Yesterday, ohdeedoh led me to this Salon interview with author Amy Richards talking about her book Opting In: Having a Child Without Losing Yourself.

The title made me a little suspicious that it would be a lot of psychobabble, but after reading on, it looks like I’ll be buying this book! Richards is a feminist (who co-wrote these books) who, like me, believes that the “mommy wars” are a distraction from the reality that women and their partners need to make choices that are right for them and their families – that there is not one feminist way to be a mother.

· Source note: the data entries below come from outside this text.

lemma sum_squares_row_over_other_rows:
  fixes x :: "nat \<times> nat \<Rightarrow> real"
  assumes "i < m"
  shows "(\<Sum>p\<in>other_rows m n i. (x (i, snd p))\<^sup>2) = (real m - 1) * (\<Sum>j<n. (x (i, j))\<^sup>2)"
proof -
  have "(\<Sum>p\<in>other_rows m n i. (x (i, snd p))\<^sup>2) = (\<Sum>k\<in>{..<m} - {i}. \<Sum>j<n. (x (i, j))\<^sup>2)"
    unfolding other_rows_def by (subst sum.cartesian_product) (simp add: case_prod_beta)
  then show ?thesis
    using assms by simp
qed

lemma
  assumes "i < m"
  shows measure_event_E_eq_integral: "measure (gauss_matrix m n) (event_E m n i)
      = (\<integral>x. prob_E_given_row m n i x \<partial>std_normal_vector ({i} \<times> {..<n}))"
    and integrable_prob_E_given_row:
      "integrable (std_normal_vector ({i} \<times> {..<n})) (prob_E_given_row m n i)"
proof -
  have rows: "{i} \<times> {..<n} \<union> other_rows m n i = {..<m} \<times> {..<n}"
    using assms by (auto simp: other_rows_def)
  have fold: "({i} \<times> {..<n}) \<inter> other_rows m n i = {}" "finite ({i} \<times> {..<n})" "finite (other_rows m n i)"
    by (auto simp: other_rows_def)
  have "event_E m n i \<in> sets (std_normal_vector ({i} \<times> {..<n} \<union> other_rows m n i))"
    using event_E_in_sets[OF assms] by (simp add: rows gauss_matrix_def)
  from measure_PiM_fold_integral[OF _ fold this] integrable_PiM_fold_measure[OF _ fold this]
  show "measure (gauss_matrix m n) (event_E m n i)
      = (\<integral>x. prob_E_given_row m n i x \<partial>std_normal_vector ({i} \<times> {..<n}))"
    and "integrable (std_normal_vector ({i} \<times> {..<n})) (prob_E_given_row m n i)"
    by (simp_all add: prob_space_normal_density rows gauss_matrix_def prob_E_given_row_def[abs_def])
qed

lemma prob_E_given_row_eq:
  fixes x :: "nat \<times> nat \<Rightarrow> real"
  assumes "i < m" "2 \<le> m" and x: "x \<in> space (std_normal_vector ({i} \<times> {..<n}))"
    and q: "0 < (\<Sum>j<n. (x (i, j))\<^sup>2)"
  shows "prob_E_given_row m n i x = \<Phi> (sqrt ((\<Sum>j<n. (x (i, j))\<^sup>2) / (real m - 1)))"
proof -
  define q where "q = (\<Sum>j<n. (x (i, j))\<^sup>2)"
  let ?I = "{i} \<times> {..<n}" and ?J = "other_rows m n i"
  let ?W = "\<lambda>y. merge ?I ?J (x, y)"
  have W_row: "?W y (i, j) = x (i, j)" if "j < n" for y j
    using that by (simp add: merge_def)
  have W_other: "?W y p = y p" if "p \<in> ?J" for y p
    using that by (auto simp: merge_def other_rows_def)
  have "?W -` event_E m n i \<inter> space (std_normal_vector ?J)
      = {y \<in> space (std_normal_vector ?J). 0 \<le> q + (\<Sum>p\<in>?J. x (i, snd p) * y p)}"
  proof -
    have rows: "?I \<union> ?J = {..<m} \<times> {..<n}"
      using \<open>i < m\<close> by (auto simp: other_rows_def)
    have "?W y \<in> space (gauss_matrix m n)" for y
      unfolding gauss_matrix_def rows[symmetric] by (simp add: space_PiM PiE_def)
    moreover have "(\<Sum>j<n. ?W y (i, j) * (\<Sum>k<m. ?W y (k, j))) = q + (\<Sum>p\<in>?J. x (i, snd p) * y p)" for y
      unfolding inner_product_with_row_sum[OF \<open>i < m\<close>] q_def using W_row W_other
      by (auto simp: other_rows_def intro!: sum.cong)
    ultimately show ?thesis
      by (auto simp: event_E_def)
  qed
  moreover have "0 < (\<Sum>p\<in>?J. (x (i, snd p))\<^sup>2)"
    using q \<open>2 \<le> m\<close> by (simp add: sum_squares_row_over_other_rows[OF \<open>i < m\<close>])
  moreover have "finite ?J"
    by (simp add: other_rows_def)
  ultimately have "prob_E_given_row m n i x = \<Phi> (q / sqrt ((real m - 1) * q))"
    unfolding prob_E_given_row_def
    by (simp add: prob_std_normal_vector_halfspace sum_squares_row_over_other_rows[OF \<open>i < m\<close>] q_def)
  also have "q / sqrt ((real m - 1) * q) = sqrt (q / (real m - 1))"
  proof -
    have "q / sqrt (M * q) = sqrt (q / M)" if "0 < M" for M :: real
      using that q by (simp add: q_def real_sqrt_mult real_sqrt_divide field_simps)
    then show ?thesis
      using \<open>2 \<le> m\<close> by simp
  qed
  finally show ?thesis
    unfolding q_def .
qed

“Each woman wants different things; thus the feminist goal should be figuring out what you want.” -Amy Richards

It’s so great to hear about a book dealing with the so-called ”mommy wars” that doesn’t infuriate me! I just love Richards’ point of view.

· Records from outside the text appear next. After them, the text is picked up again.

definition lower_threshold :: "(real \<Rightarrow> real) \<Rightarrow> nat \<Rightarrow> nat \<Rightarrow> bool" where
  "lower_threshold S n a \<longleftrightarrow>
     1 \<le> real n * S (real a) * (1 - S (real a)) \<and>
     real n * S (real a) - sqrt (real n * S (real a) * (1 - S (real a))) / 32 \<le> real a"

lemma last_crossing:
  fixes S :: "real \<Rightarrow> real"
  assumes S_le: "\<And>x. S x \<le> 1" and B: "1 \<le> B" "B \<le> n" "real B \<le> real n * S (real B - 1)"
  shows "\<exists>b. B \<le> b \<and> b \<le> n \<and> real b \<le> real n * S (real b - 1)
               \<and> real n * S (real b) < real b + 1"
proof -
  define K where "K = {k\<in>{1..n}. real k \<le> real n * S (real k - 1)}"
  have K: "finite K" "B \<in> K" using B by (auto simp: K_def)
  define b where "b = Max K"
  have "K \<noteq> {}" using K by auto
  then have "b \<in> K" "B \<le> b" unfolding b_def using K Max_in Max_ge by auto
  then have b: "B \<le> b" "b \<le> n" "real b \<le> real n * S (real b - 1)" by (auto simp: K_def)
  have "real n * S (real b) < real b + 1"
  proof (cases "b < n")
    case True
    have "Suc b \<notin> K"
    proof
      assume "Suc b \<in> K"
      then have "Suc b \<le> b" unfolding b_def using K by simp
      then show False by simp
    qed
    then show ?thesis using True by (auto simp: K_def)
  next
    case False
    then have "b = n" using b(2) by simp
    have "real n * S (real b) \<le> real n * 1" using S_le by (intro mult_left_mono) auto
    then show ?thesis using \<open>b = n\<close> by simp
  qed
  with b show ?thesis by blast
qed

lemma decrement_telescope:
  fixes S :: "real \<Rightarrow> real"
  assumes "\<And>m. a < m \<Longrightarrow> m \<le> a + k \<Longrightarrow> S (real m - 1) - S (real m) \<le> d"
  shows "S (real a) - S (real (a + k)) \<le> real k * d"
  using assms
proof (induction k)
  case 0
  then show ?case by simp
next
  case (Suc k)
  have "S (real a) - S (real (a + Suc k))
        = (S (real a) - S (real (a + k))) + (S (real (a + Suc k) - 1) - S (real (a + Suc k)))"
    by simp
  also have "\<dots> \<le> real k * d + d"
  proof (rule add_mono)
    show "S (real a) - S (real (a + k)) \<le> real k * d" using Suc by simp
    show "S (real (a + Suc k) - 1) - S (real (a + Suc k)) \<le> d" by (rule Suc.prems) auto
  qed
  finally show ?case by (simp add: algebra_simps)
qed

lemma flat_window:
  fixes S :: "real \<Rightarrow> real"
  assumes anti: "\<And>x y. x \<le> y \<Longrightarrow> S y \<le> S x"
    and flat: "\<And>m. M0 \<le> m \<Longrightarrow> sqrt (real m) * (S (real m - 1) - S (real m)) \<le> \<eta> * S (real m)"
    and "M0 \<le> a" "L \<le> a" "0 \<le> \<eta>"
  shows "S (real a) - S (real (a + L)) \<le> real L * (2 * \<eta> * S (real a) / sqrt (real (a + L)))"
proof (rule decrement_telescope)
  fix m assume m: "a < m" "m \<le> a + L"
  define r where "r = sqrt (real (a + L))"
  have r: "0 < r" using m by (simp add: r_def)
  have "(r / 2)^2 \<le> real m" using m \<open>L \<le> a\<close> by (simp add: r_def power_divide)
  then have "r / 2 \<le> sqrt (real m)" by (rule real_le_rsqrt)
  then have "(r / 2) * (S (real m - 1) - S (real m)) \<le> sqrt (real m) * (S (real m - 1) - S (real m))"
    using anti[of "real m - 1" "real m"] by (intro mult_right_mono) auto
  also have "\<dots> \<le> \<eta> * S (real m)" using flat m \<open>M0 \<le> a\<close> by simp
  also have "\<dots> \<le> \<eta> * S (real a)" using anti m \<open>0 \<le> \<eta>\<close> by (intro mult_left_mono) auto
  finally have "S (real m - 1) - S (real m) \<le> 2 * \<eta> * S (real a) / r"
    using r by (simp add: field_simps)
  then show "S (real m - 1) - S (real m) \<le> 2 * \<eta> * S (real a) / sqrt (real (a + L))"
    by (simp add: r_def)
qed

text \<open>Sufficient conditions for the threshold predicates; for the lower threshold, the
  crossing property at a + L and the flatness of S on [a, a + L] keep n S(a) at most
  sqrt(a + L)/64 above a.\<close>

lemma upper_threshold_intro:
  assumes "2 \<le> b" "0 \<le> S (real b - 1)" "S (real b - 1) \<le> 1/2"
    and "real b \<le> real n * S (real b - 1)"
  shows "upper_threshold S n b"
proof -
  have "real n * S (real b - 1) * (1/2) \<le> real n * S (real b - 1) * (1 - S (real b - 1))"
    using assms by (intro mult_left_mono) auto
  then show ?thesis using assms unfolding upper_threshold_def by linarith
qed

“When I titled the book ‘Opting In,’ I meant to say, opt in to your own life, make yourselves aware of the options that are available to you.” -Amy Richards

Only when women do not feel pressured by society at large to either stay at home with their kids or work full-time will we truly be equal.  The focus needs to change from, “How is the Mom going to handle this,” to “How is the family going to handle this.”  Our society must change not only its attitude, but also its policies – we need better maternity/paternity leave and benefits, and employers need to be more flexible and family friendly.  Here’s a bit of Amy Richards’ very balanced view on that: 

“I think some women have been surprised when they’ve gone to their employers and been more honest about their conundrums. They’ve been able to create unique scenarios. This is not everybody, of course. There are definitely people with employers who say, “No way. Do it my way or you leave.” But I think one of the more productive ways to [frame the issue] is not actually “work-family” but “work-life,” so you’re not creating a hierarchy between parents and nonparents in the workplace in which parents are seen as getting “perks” that other employees don’t get. When you couch it in terms of “work-life” it opens it up to the entire workforce. So people will be like, “Yeah, I’m tired of using my sick days to go take care of my mother.”

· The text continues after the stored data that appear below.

(* Let $S_{\mathrm{test}}\subseteq\{\pm1\}^n\times\{\pm1\}$ be a finite labeled test set, $d\ge0$, $s\ge1$, $\varepsilon_a>0$, and $\mathcal{H}$ a mapping from restrictions of depth $\le d$ to hypotheses. If there is some list $P$ of $s$ pairwise disjoint restrictions, each of depth $\le d$, for which $\mathrm{error}(P\circ\mathcal{H},S_{\mathrm{test}})\le\varepsilon$, then $\mathrm{FindSubcubeList}(S_{\mathrm{test}},\mathcal{H},\varepsilon_a,s)$ outputs a (not necessarily disjoint) list $L$ of restrictions satisfying \[ \mathrm{error}(L\circ\mathcal{H},S_{\mathrm{test}})\le O\left(\varepsilon\log(1/\varepsilon_a)+\varepsilon_a\right). \]
   Context: A restriction is $\rho\in\{\pm1,\star\}^n$; $x\in\rho$ means $x_i=\rho_i$ or $\rho_i=\star$ for all $i$; depth of $\rho$ = number of non-$\star$ coordinates; two restrictions are disjoint if no $x$ is consistent with both. For a labeled set $S$, $S_\rho=\{(x,y)\in S:x\in\rho\}$ and $\mathrm{error}(h,S)$ is the fraction of $(x,y)\in S$ with $h(x)\neq y$, where an output $\bot$ always counts as an error. For an ordered list $L$ of restrictions, the subcube list hypothesis $L\circ\mathcal{H}$ outputs $\mathcal{H}(\rho)(x)$ for the first $\rho\in L$ with $x\in\rho$, and $\bot$ if no such $\rho$ exists. Procedure $\mathrm{FindSubcubeList}(S_{\mathrm{test}},\mathcal{H},\varepsilon_a,s)$: set $S_{\mathrm{rem}}\leftarrow S_{\mathrm{test}}$, $L\leftarrow$ empty list; while $|S_{\mathrm{rem}}|/|S_{\mathrm{test}}|>\varepsilon_a$ and at most $\lceil 2s\ln(1/\varepsilon_a)\rceil$ iterations have run: among all restrictions $\rho$ of depth $\le d$ with $|(S_{\mathrm{rem}})_\rho|/|S_{\mathrm{rem}}|\ge\frac{1}{2s}$, choose $\rho^\star$ minimizing $\mathrm{error}(\mathcal{H}(\rho),(S_{\mathrm{rem}})_\rho)$; append $\rho^\star$ to $L$ and set $S_{\mathrm{rem}}\leftarrow S_{\mathrm{rem}}\setminus(S_{\mathrm{rem}})_{\rho^\star}$; finally return $L$. *)

theory Defs
  imports Complex_Main
begin

text \<open>Points of the cube: bool lists (True = +1, False = -1); labels are bools.
  Restrictions: lists of bool option (None = star, Some b = fixed coordinate).\<close>

type_synonym point = "bool list"
type_synonym restriction = "bool option list"
type_synonym hyp = "point \<Rightarrow> bool"

definition consistent :: "point \<Rightarrow> restriction \<Rightarrow> bool" where
  "consistent x \<rho> \<longleftrightarrow> list_all2 (\<lambda>xi ri. ri = None \<or> ri = Some xi) x \<rho>"

definition depth :: "restriction \<Rightarrow> nat" where
  "depth \<rho> = length (filter (\<lambda>r. r \<noteq> None) \<rho>)"

definition restr_disjoint :: "restriction \<Rightarrow> restriction \<Rightarrow> bool" where
  "restr_disjoint \<rho>1 \<rho>2 \<longleftrightarrow> \<not> (\<exists>x. consistent x \<rho>1 \<and> consistent x \<rho>2)"

definition restrict_set :: "(point \<times> bool) set \<Rightarrow> restriction \<Rightarrow> (point \<times> bool) set" where
  "restrict_set S \<rho> = {(x, y) \<in> S. consistent x \<rho>}"

text \<open>Error of a possibly-abstaining hypothesis (None = bottom, always an error).\<close>
definition error :: "(point \<Rightarrow> bool option) \<Rightarrow> (point \<times> bool) set \<Rightarrow> real" where
  "error h S = real (card {(x, y) \<in> S. h x \<noteq> Some y}) / real (card S)"

fun subcube_list_hyp :: "restriction list \<Rightarrow> (restriction \<Rightarrow> hyp) \<Rightarrow> point \<Rightarrow> bool option" where
  "subcube_list_hyp [] H x = None"
| "subcube_list_hyp (\<rho> # L) H x =
     (if consistent x \<rho> then Some (H \<rho> x) else subcube_list_hyp L H x)"

definition candidates :: "nat \<Rightarrow> nat \<Rightarrow> nat \<Rightarrow> (point \<times> bool) set \<Rightarrow> restriction set" where
  "candidates n d s R = {\<rho>. length \<rho> = n \<and> depth \<rho> \<le> d \<and>
      real (card (restrict_set R \<rho>)) / real (card R) \<ge> 1 / (2 * real s)}"

definition iter_bound :: "nat \<Rightarrow> real \<Rightarrow> nat" where
  "iter_bound s ea = nat \<lceil>2 * real s * ln (1 / ea)\<rceil>"

definition loop_cond :: "(point \<times> bool) set \<Rightarrow> real \<Rightarrow> nat \<Rightarrow> (point \<times> bool) set \<Rightarrow> nat \<Rightarrow> bool" where
  "loop_cond S ea s R k \<longleftrightarrow>
     real (card R) / real (card S) > ea \<and> k < iter_bound s ea"

text \<open>Reachable states (S_rem, L, number of iterations) of FindSubcubeList(S, H, ea, s)
  with depth parameter d on n-dimensional points; ties in the argmin are resolved
  arbitrarily (all choices are allowed).\<close>
inductive fsl_reach :: "nat \<Rightarrow> nat \<Rightarrow> (point \<times> bool) set \<Rightarrow> (restriction \<Rightarrow> hyp) \<Rightarrow> real \<Rightarrow> nat
    \<Rightarrow> (point \<times> bool) set \<Rightarrow> restriction list \<Rightarrow> nat \<Rightarrow> bool"
  for n d S H ea s where
  init: "fsl_reach n d S H ea s S [] 0"
| step: "fsl_reach n d S H ea s R L k \<Longrightarrow> loop_cond S ea s R k \<Longrightarrow>
     \<rho> \<in> candidates n d s R \<Longrightarrow>
     (\<forall>\<rho>' \<in> candidates n d s R.
        error (\<lambda>x. Some (H \<rho> x)) (restrict_set R \<rho>) \<le> error (\<lambda>x. Some (H \<rho>' x)) (restrict_set R \<rho>')) \<Longrightarrow>
     fsl_reach n d S H ea s (R - restrict_set R \<rho>) (L @ [\<rho>]) (Suc k)"

definition find_subcube_list ::
  "nat \<Rightarrow> nat \<Rightarrow> (point \<times> bool) set \<Rightarrow> (restriction \<Rightarrow> hyp) \<Rightarrow> real \<Rightarrow> nat \<Rightarrow> restriction list \<Rightarrow> bool" where
  "find_subcube_list n d S H ea s L \<longleftrightarrow>
     (\<exists>R k. fsl_reach n d S H ea s R L k \<and> \<not> loop_cond S ea s R k)"

end

theory Submission
  imports Defs
begin

(* Let E = eps |S| bound the mistakes of P. While the set R of uncovered examples has at
  least 4E elements, the pieces of P too light to be candidates (each below a 1/(2s) fraction)
  hold at most half of R, and on the remaining examples, including those P leaves uncovered,
  P errs at most E times. Averaging yields a candidate piece, hence also the greedy choice,
  with error at most 4E/|R|. Shrinking R from r to r - m examples thus costs at most
  4E m/r <= 4E (ln r - ln (r - m)) mistakes, which telescopes to 4E ln (|S|/t) for
  t = max 4E (ea |S|); below t each example costs at most one. Every step removes a 1/(2s)
  fraction of R, so after 2s ln (1/ea) steps at most ea |S| <= t examples stay uncovered,
  and they count as mistakes too. *)

definition mistakes :: "(point \<Rightarrow> bool option) \<Rightarrow> (point \<times> bool) set \<Rightarrow> (point \<times> bool) set" where
  "mistakes h S = {(x, y) \<in> S. h x \<noteq> Some y}"

definition uncovered :: "restriction list \<Rightarrow> (point \<times> bool) set \<Rightarrow> (point \<times> bool) set" where
  "uncovered L S = {(x, y) \<in> S. \<forall>\<rho> \<in> set L. \<not> consistent x \<rho>}"

definition restrs_disjoint :: "restriction list \<Rightarrow> bool" where
  "restrs_disjoint P \<longleftrightarrow>
     (\<forall>i < length P. \<forall>j < length P. i \<noteq> j \<longrightarrow> restr_disjoint (P ! i) (P ! j))"

lemma error_eq_card_mistakes: "error h S = card (mistakes h S) / card S"
  by (simp add: error_def mistakes_def)

lemma error_nonneg: "0 \<le> error h S"
  by (simp add: error_def)

lemma error_le_1:
  assumes "finite S"
  shows "error h S \<le> 1"
proof -
  have "card (mistakes h S) \<le> card S"
    using assms by (intro card_mono) (auto simp: mistakes_def)
  then show ?thesis
    by (cases "card S = 0") (simp_all add: error_eq_card_mistakes divide_le_eq_1)
qed

lemma mistakes_Un: "mistakes h (A \<union> B) = mistakes h A \<union> mistakes h B"
  by (auto simp: mistakes_def)

lemma mistakes_cong: "(\<And>x y. (x, y) \<in> A \<Longrightarrow> h x = g x) \<Longrightarrow> mistakes h A = mistakes g A"
  by (auto simp: mistakes_def)

lemma mistakes_mono: "A \<subseteq> B \<Longrightarrow> mistakes h A \<subseteq> mistakes h B"
  by (auto simp: mistakes_def)

lemma mistakes_subset: "mistakes h A \<subseteq> A"
  by (auto simp: mistakes_def)

lemma restrict_set_subset: "restrict_set S \<rho> \<subseteq> S"
  by (auto simp: restrict_set_def)

lemma uncovered_subset: "uncovered L S \<subseteq> S"
  by (auto simp: uncovered_def)

lemma uncovered_Nil: "uncovered [] S = S"
  by (auto simp: uncovered_def)

lemma uncovered_snoc: "uncovered (L @ [\<rho>]) S = uncovered L S - restrict_set (uncovered L S) \<rho>"
  by (auto simp: uncovered_def restrict_set_def)

lemma subcube_list_hyp_eq_None_iff:
  "subcube_list_hyp L H x = None \<longleftrightarrow> (\<forall>\<rho> \<in> set L. \<not> consistent x \<rho>)"
  by (induction L) auto

lemma subcube_list_hyp_append:
  "subcube_list_hyp (L @ M) H x =
     (if \<exists>\<rho> \<in> set L. consistent x \<rho> then subcube_list_hyp L H x else subcube_list_hyp M H x)"
  by (induction L) auto

lemma subcube_list_hyp_nth:
  assumes "restrs_disjoint P" "i < length P" "consistent x (P ! i)"
  shows "subcube_list_hyp P H x = Some (H (P ! i) x)"
  using assms
proof (induction P arbitrary: i)
  case (Cons \<rho> P)
  show ?case
  proof (cases i)
    case 0
    with Cons.prems show ?thesis by simp
  next
    case (Suc j)
    have "restr_disjoint ((\<rho> # P) ! 0) ((\<rho> # P) ! i)"
      using Cons.prems \<open>i = Suc j\<close> unfolding restrs_disjoint_def by blast
    then have "\<not> consistent x \<rho>"
      using Cons.prems by (auto simp: restr_disjoint_def)
    moreover have "restrs_disjoint P"
      using Cons.prems(1) unfolding restrs_disjoint_def by fastforce
    ultimately show ?thesis
      using Cons Suc by simp
  qed
qed simp

lemma uncovered_subset_mistakes: "uncovered L S \<subseteq> mistakes (subcube_list_hyp L H) S"
proof
  fix z assume "z \<in> uncovered L S"
  then obtain x y where "z = (x, y)" "z \<in> S" "subcube_list_hyp L H x = None"
    unfolding uncovered_def subcube_list_hyp_eq_None_iff by blast
  then show "z \<in> mistakes (subcube_list_hyp L H) S"
    by (simp add: mistakes_def)
qed

lemma mistakes_subcube_list_hyp_disjoint:
  assumes "restrs_disjoint P"
  shows "mistakes (subcube_list_hyp P H) R = uncovered P R \<union>
    (\<Union>i<length P. mistakes (\<lambda>x. Some (H (P ! i) x)) (restrict_set R (P ! i)))"
    (is "_ = _ \<union> (\<Union>i<_. ?M i)")
proof (intro equalityI subsetI)
  have piece: "subcube_list_hyp P H x = Some (H (P ! i) x)"
    if "i < length P" "(x, y) \<in> restrict_set R (P ! i)" for i x y
    using subcube_list_hyp_nth[OF assms] that by (simp add: restrict_set_def)
  {
    fix z assume z: "z \<in> mistakes (subcube_list_hyp P H) R"
    obtain x y where xy: "z = (x, y)" by fastforce
    show "z \<in> uncovered P R \<union> (\<Union>i<length P. ?M i)"
    proof (cases "\<exists>i < length P. consistent x (P ! i)")
      case True
      then obtain i where "i < length P" "consistent x (P ! i)" by blast
      with z xy piece[of i x y] show ?thesis
        by (auto simp: mistakes_def restrict_set_def)
    next
      case False
      then have "\<forall>\<rho> \<in> set P. \<not> consistent x \<rho>"
        by (auto simp: in_set_conv_nth)
      with z xy show ?thesis
        by (simp add: uncovered_def mistakes_def)
    qed
  next
    fix z assume "z \<in> uncovered P R \<union> (\<Union>i<length P. ?M i)"
    then consider "z \<in> uncovered P R" | i where "i < length P" "z \<in> ?M i"
      by blast
    then show "z \<in> mistakes (subcube_list_hyp P H) R"
    proof cases
      case 1
      then show ?thesis using uncovered_subset_mistakes by blast
    next
      case 2
      then show ?thesis
        using piece[of i] by (auto simp: mistakes_def restrict_set_def)
    qed
  }
qed

lemma card_mistakes_subcube_list_hyp_disjoint:
  assumes "restrs_disjoint P" "finite R"
  shows "card (mistakes (subcube_list_hyp P H) R) = card (uncovered P R) +
    (\<Sum>i<length P. card (mistakes (\<lambda>x. Some (H (P ! i) x)) (restrict_set R (P ! i))))"
proof -
  define M where "M i = mistakes (\<lambda>x. Some (H (P ! i) x)) (restrict_set R (P ! i))" for i
  have disjoint: "M i \<inter> M j = {}" if "i < length P" "j < length P" "i \<noteq> j" for i j
    using assms(1) that unfolding restrs_disjoint_def restr_disjoint_def
    by (auto simp: M_def mistakes_def restrict_set_def)
  have finite: "finite (M i)" for i
    unfolding M_def using assms(2) mistakes_subset restrict_set_subset by (metis finite_subset)
  have "card (uncovered P R \<union> (\<Union>i<length P. M i)) = card (uncovered P R) + card (\<Union>i<length P. M i)"
    using finite_subset[OF uncovered_subset assms(2)] finite
    by (intro card_Un_disjoint) (auto simp: M_def mistakes_def restrict_set_def uncovered_def)
  also have "card (\<Union>i<length P. M i) = (\<Sum>i<length P. card (M i))"
    using disjoint finite by (intro card_UN_disjoint) auto
  finally show ?thesis
    using mistakes_subcube_list_hyp_disjoint[OF assms(1)] by (simp add: M_def)
qed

What’s that?? Someone speaking dimplomatically and fairly about the “mommy wars”??  It can’t be!  Be still my beating heart!  Yup, this book is coming home with me.

It was also great to see some of the responses from the ohdeedoh commenters, remarking on the need for the focus to shift from the gendered idea of “moms” juggling everything to the idea of “parents” making these decisions together, and also the reality that we have a lot of work to do before mothers and fathers (particularly working moms and stay at home dads) are not shamed for their choices.

Hooray for feminist moms speaking out!